Provided records:
lemma ex_longest_distinct_list:
  assumes "finite V" "P xs\<^sub>0" "\<And>xs. P xs \<Longrightarrow> distinct xs \<and> set xs \<subseteq> V"
  obtains xs where "P xs" "\<And>ys. P ys \<Longrightarrow> length ys \<le> length xs"
proof -
  have "length xs < Suc (card V)" if "P xs" for xs
    using assms(3)[OF that] card_mono[OF assms(1), of "set xs"] by (simp add: distinct_card)
  then show thesis
    using ex_has_greatest_nat[of P xs\<^sub>0 length "Suc (card V)"] assms(2) that by blast
qed

lemma ex_longest_path_through:
  assumes "finite V" "v \<in> V"
  obtains xs where "distinct xs" "successively E xs" "v \<in> set xs" "set xs \<subseteq> V"
    "\<And>ys. distinct ys \<Longrightarrow> successively E ys \<Longrightarrow> v \<in> set ys \<Longrightarrow> set ys \<subseteq> V \<Longrightarrow> length ys \<le> length xs"
proof -
  let ?path = "\<lambda>xs. distinct xs \<and> successively E xs \<and> v \<in> set xs \<and> set xs \<subseteq> V"
  obtain xs where "?path xs" "\<And>ys. ?path ys \<Longrightarrow> length ys \<le> length xs"
    by (rule ex_longest_distinct_list[OF assms(1), of ?path "[v]"]) (use assms(2) in auto)
  then show thesis using that by blast
qed

lemma longest_path_closed:
  assumes g: "graph V E"
    and deg: "\<forall>c x y z. E c x \<and> E c y \<and> E c z \<longrightarrow> x = y \<or> y = z \<or> x = z"
    and xs: "distinct xs" "successively E xs" "v \<in> set xs" "set xs \<subseteq> V"
    and longest: "\<And>ys. distinct ys \<Longrightarrow> successively E ys \<Longrightarrow> v \<in> set ys \<Longrightarrow> set ys \<subseteq> V \<Longrightarrow>
      length ys \<le> length xs"
    and x: "x \<in> set xs" and e: "E x w"
  shows "w \<in> set xs"
proof (rule ccontr)
  assume w: "w \<notin> set xs"
  have sym: "\<And>x y. E x y \<Longrightarrow> E y x" using graph_sym[OF g] by blast
  have "w \<in> V" using graph_edgeD[OF g e] by simp
  have "xs \<noteq> []" using x by auto
  obtain i where i: "i < length xs" "x = xs!i" using x by (metis in_set_conv_nth)
  consider "i = 0" | "i = length xs - 1" | "0 < i" "Suc i < length xs"
    using i by linarith
  then show False
  proof cases
    case 1
    then have "successively E (w # xs)"
      using xs(2) sym[OF e] i \<open>xs \<noteq> []\<close> by (simp add: successively_Cons hd_conv_nth)
    then show False using longest[of "w # xs"] xs w \<open>w \<in> V\<close> by simp
  next
    case 2
    then have "successively E (xs @ [w])"
      using xs(2) e i \<open>xs \<noteq> []\<close> by (simp add: successively_append_iff last_conv_nth)
    then show False using longest[of "xs @ [w]"] xs w \<open>w \<in> V\<close> by simp
  next
    case 3
    text \<open>Then \<open>x\<close> already has the two path neighbours \<open>xs!(i - 1)\<close> and \<open>xs!Suc i\<close>.\<close>
    have "E x (xs!Suc i)" "E x (xs!(i - 1))"
      using successively_nth[OF xs(2), of i] successively_nth[OF xs(2), of "i - 1"] 3 i sym by auto
    moreover have "xs!Suc i \<noteq> xs!(i - 1)" "xs!Suc i \<noteq> w" "xs!(i - 1) \<noteq> w"
      using xs(1) 3 w nth_mem[of "Suc i" xs] nth_mem[of "i - 1" xs] by (auto simp: nth_eq_iff_index_eq)
    ultimately show False using deg e by metis
  qed
qed

lemma component_eq_longest_path:
  assumes g: "graph V E"
    and deg: "\<forall>c x y z. E c x \<and> E c y \<and> E c z \<longrightarrow> x = y \<or> y = z \<or> x = z"
    and xs: "distinct xs" "successively E xs" "v \<in> set xs" "set xs \<subseteq> V"
    and longest: "\<And>ys. distinct ys \<Longrightarrow> successively E ys \<Longrightarrow> v \<in> set ys \<Longrightarrow> set ys \<subseteq> V \<Longrightarrow>
      length ys \<le> length xs"
  shows "{w. E\<^sup>*\<^sup>* v w} = set xs"
proof
  have "symp E\<^sup>*\<^sup>*" using graph_sym[OF g] by (intro symp_rtranclp) (auto intro: sympI)
  moreover have "E\<^sup>*\<^sup>* (xs!i) (xs!j)" if "i \<le> j" "j < length xs" for i j
    using successively_rtranclp_nth[OF xs(2) that] .
  ultimately have "E\<^sup>*\<^sup>* x y" if "x \<in> set xs" "y \<in> set xs" for x y
    using that by (metis in_set_conv_nth nat_le_linear sympD)
  then show "set xs \<subseteq> {w. E\<^sup>*\<^sup>* v w}" using xs(3) by blast
  show "{w. E\<^sup>*\<^sup>* v w} \<subseteq> set xs"
  proof
    fix w assume "w \<in> {w. E\<^sup>*\<^sup>* v w}"
    then have "E\<^sup>*\<^sup>* v w" by simp
    then show "w \<in> set xs"
      by (induction rule: rtranclp_induct)
        (use xs(3) longest_path_closed[OF g deg xs longest] in blast)+
  qed
qed

lemma induces_path_by_if_acyclic:
  assumes g: "graph V E" and acyclic: "\<forall>cs. \<not> is_cycle V E cs"
    and xs: "distinct xs" "successively E xs" "set xs \<subseteq> V" "xs \<noteq> []"
  shows "induces_path_by E (set xs) xs"
  unfolding induces_path_by_def
proof (intro conjI ballI iffI)
  fix u w assume uw: "u \<in> set xs" "w \<in> set xs"
  then obtain i j where ij: "i < length xs" "j < length xs" "u = xs!i" "w = xs!j"
    by (metis in_set_conv_nth)
  {
    assume "E u w"
    then have "j = Suc i \<or> i = Suc j"
      using successive_if_acyclic[OF xs(2,1,3) _ _ acyclic ij(1,2)] graph_sym[OF g] graph_irrefl[OF g] ij
      by blast
    then show "\<exists>i. Suc i < length xs \<and> (u = xs!i \<and> w = xs!Suc i \<or> w = xs!i \<and> u = xs!Suc i)"
      using ij by blast
  next
    assume "\<exists>i. Suc i < length xs \<and> (u = xs!i \<and> w = xs!Suc i \<or> w = xs!i \<and> u = xs!Suc i)"
    then show "E u w" using successively_nth[OF xs(2)] graph_sym[OF g] by blast
  }
qed (use xs in auto)

text \<open>The parts of the linear forest are the connected components, each of which is the vertex
  set of a longest path through any of its vertices.\<close>

lemma linear_forestI:
  assumes g: "graph V E" and "1 \<le> k"
    and deg: "\<forall>c x y z. E c x \<and> E c y \<and> E c z \<longrightarrow> x = y \<or> y = z \<or> x = z"
    and acyclic: "\<forall>cs. \<not> is_cycle V E cs"
    and short: "\<forall>xs. distinct xs \<and> successively E xs \<longrightarrow> length xs \<le> k"
  shows "linear_forest k V E"
proof -
  define comp where "comp v = {w. E\<^sup>*\<^sup>* v w}" for v
  have comp_path: "induces_path E (comp v) \<and> card (comp v) \<le> k \<and> comp v \<subseteq> V" if v: "v \<in> V" for v
  proof -
    obtain xs where xs: "distinct xs" "successively E xs" "v \<in> set xs" "set xs \<subseteq> V"
      and longest: "\<And>ys. distinct ys \<Longrightarrow> successively E ys \<Longrightarrow> v \<in> set ys \<Longrightarrow> set ys \<subseteq> V \<Longrightarrow>
        length ys \<le> length xs"
      using ex_longest_path_through[OF graph_finite[OF g] v] by blast
    have "comp v = set xs"
      unfolding comp_def by (rule component_eq_longest_path[OF g deg xs longest])
    moreover have "induces_path_by E (set xs) xs"
      using induces_path_by_if_acyclic[OF g acyclic xs(1,2,4)] xs(3) by (cases xs) auto
    ultimately show ?thesis
      using short xs by (auto simp: induces_path_iff_induces_path_by distinct_card)
  qed
  have "symp E\<^sup>*\<^sup>*" using graph_sym[OF g] by (intro symp_rtranclp) (auto intro: sympI)
  then have comp_eq: "comp w = comp v" if "w \<in> comp v" for v w
    using that unfolding comp_def by (auto intro: rtranclp_trans dest: sympD)
  have self: "v \<in> comp v" for v unfolding comp_def by simp
  have comp_edge: "u' \<in> comp v" if "E u u'" "u \<in> comp v" for u u' v
    using that unfolding comp_def by (simp add: rtranclp.rtrancl_into_rtrancl)
  show ?thesis
    unfolding linear_forest_def
  proof (rule exI[of _ "comp ` V"], intro conjI)
    show "\<Union> (comp ` V) = V" using comp_path self by blast
    show "\<forall>S\<in>comp ` V. S \<noteq> {}" using self by blast
    show "\<forall>S\<in>comp ` V. \<forall>T\<in>comp ` V. S \<noteq> T \<longrightarrow> S \<inter> T = {}"
      using comp_eq by blast
    show "\<forall>S\<in>comp ` V. induces_path E S \<and> card S \<le> k" using comp_path by blast
    show "\<forall>S\<in>comp ` V. \<forall>T\<in>comp ` V. S \<noteq> T \<longrightarrow> (\<forall>u\<in>S. \<forall>v\<in>T. \<not> E u v)"
      using comp_eq comp_edge by blast
  qed
qed

lemma successively_set_subset:
  assumes g: "graph V E" and w: "successively E xs" and l: "2 \<le> length xs"
  shows "set xs \<subseteq> V"
proof
  fix x assume "x \<in> set xs"
  then obtain t where t: "t < length xs" "x = xs!t" by (metis in_set_conv_nth)
  show "x \<in> V"
  proof (cases "Suc t < length xs")
    case True thus ?thesis using graph_edgeD[OF g successively_nth[OF w True]] t by simp
  next
    case False
    hence "Suc (t-1) < length xs" "Suc (t-1) = t" using t l by auto
    thus ?thesis using graph_edgeD[OF g successively_nth[OF w, of "t-1"]] t by simp
  qed
qed

lemma no_chord_if_acyclic:
  assumes g: "graph V E" and acyc: "\<forall>cs. \<not> is_cycle V E cs" and d: "distinct xs" and w: "successively E xs"
    and i: "i + 2 < length xs"
  shows "\<not> E (xs!i) (xs!(i+2))"
proof
  assume e: "E (xs!i) (xs!(i+2))"
  have "set xs \<subseteq> V" using successively_set_subset[OF g w] i by simp
  thus False using is_cycle_if_chord[OF w d _ _ _ i e, of V] graph_sym[OF g] acyc by auto
qed

lemma linear_forest_1_if_edgeless:
  assumes g: "graph V E" and ne: "\<forall>a b. \<not> E a b"
  shows "linear_forest 1 V E"
proof (rule linear_forestI[OF g])
  show "\<forall>c x y z. E c x \<and> E c y \<and> E c z \<longrightarrow> x = y \<or> y = z \<or> x = z" using ne by blast
  show "\<forall>cs. \<not> is_cycle V E cs"
  proof (intro allI notI)
    fix cs assume "is_cycle V E cs"
    hence "E (cs!0) (cs!(Suc 0 mod length cs))" by (rule is_cycleD(3)) (use is_cycleD(1)[OF \<open>is_cycle V E cs\<close>] in \<open>cases cs; auto\<close>)
    thus False using ne by blast
  qed
  show "\<forall>xs. distinct xs \<and> successively E xs \<longrightarrow> length xs \<le> 1"
  proof (intro allI impI)
    fix xs assume a: "distinct xs \<and> successively E xs"
    show "length xs \<le> 1"
    proof (rule ccontr)
      assume "\<not> length xs \<le> 1"
      hence "Suc 0 < length xs" by simp
      thus False using successively_nth[of E xs 0] a ne by blast
    qed
  qed
qed simp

What you will do:
Every line of the material that includes the word "shows" needs to be copied.

Completed task:
  shows "w \<in> set xs"
  shows "{w. E\<^sup>*\<^sup>* v w} = set xs"
  shows "induces_path_by E (set xs) xs"
  shows "linear_forest k V E"
  shows "set xs \<subseteq> V"
  shows "\<not> E (xs!i) (xs!(i+2))"
  shows "linear_forest 1 V E"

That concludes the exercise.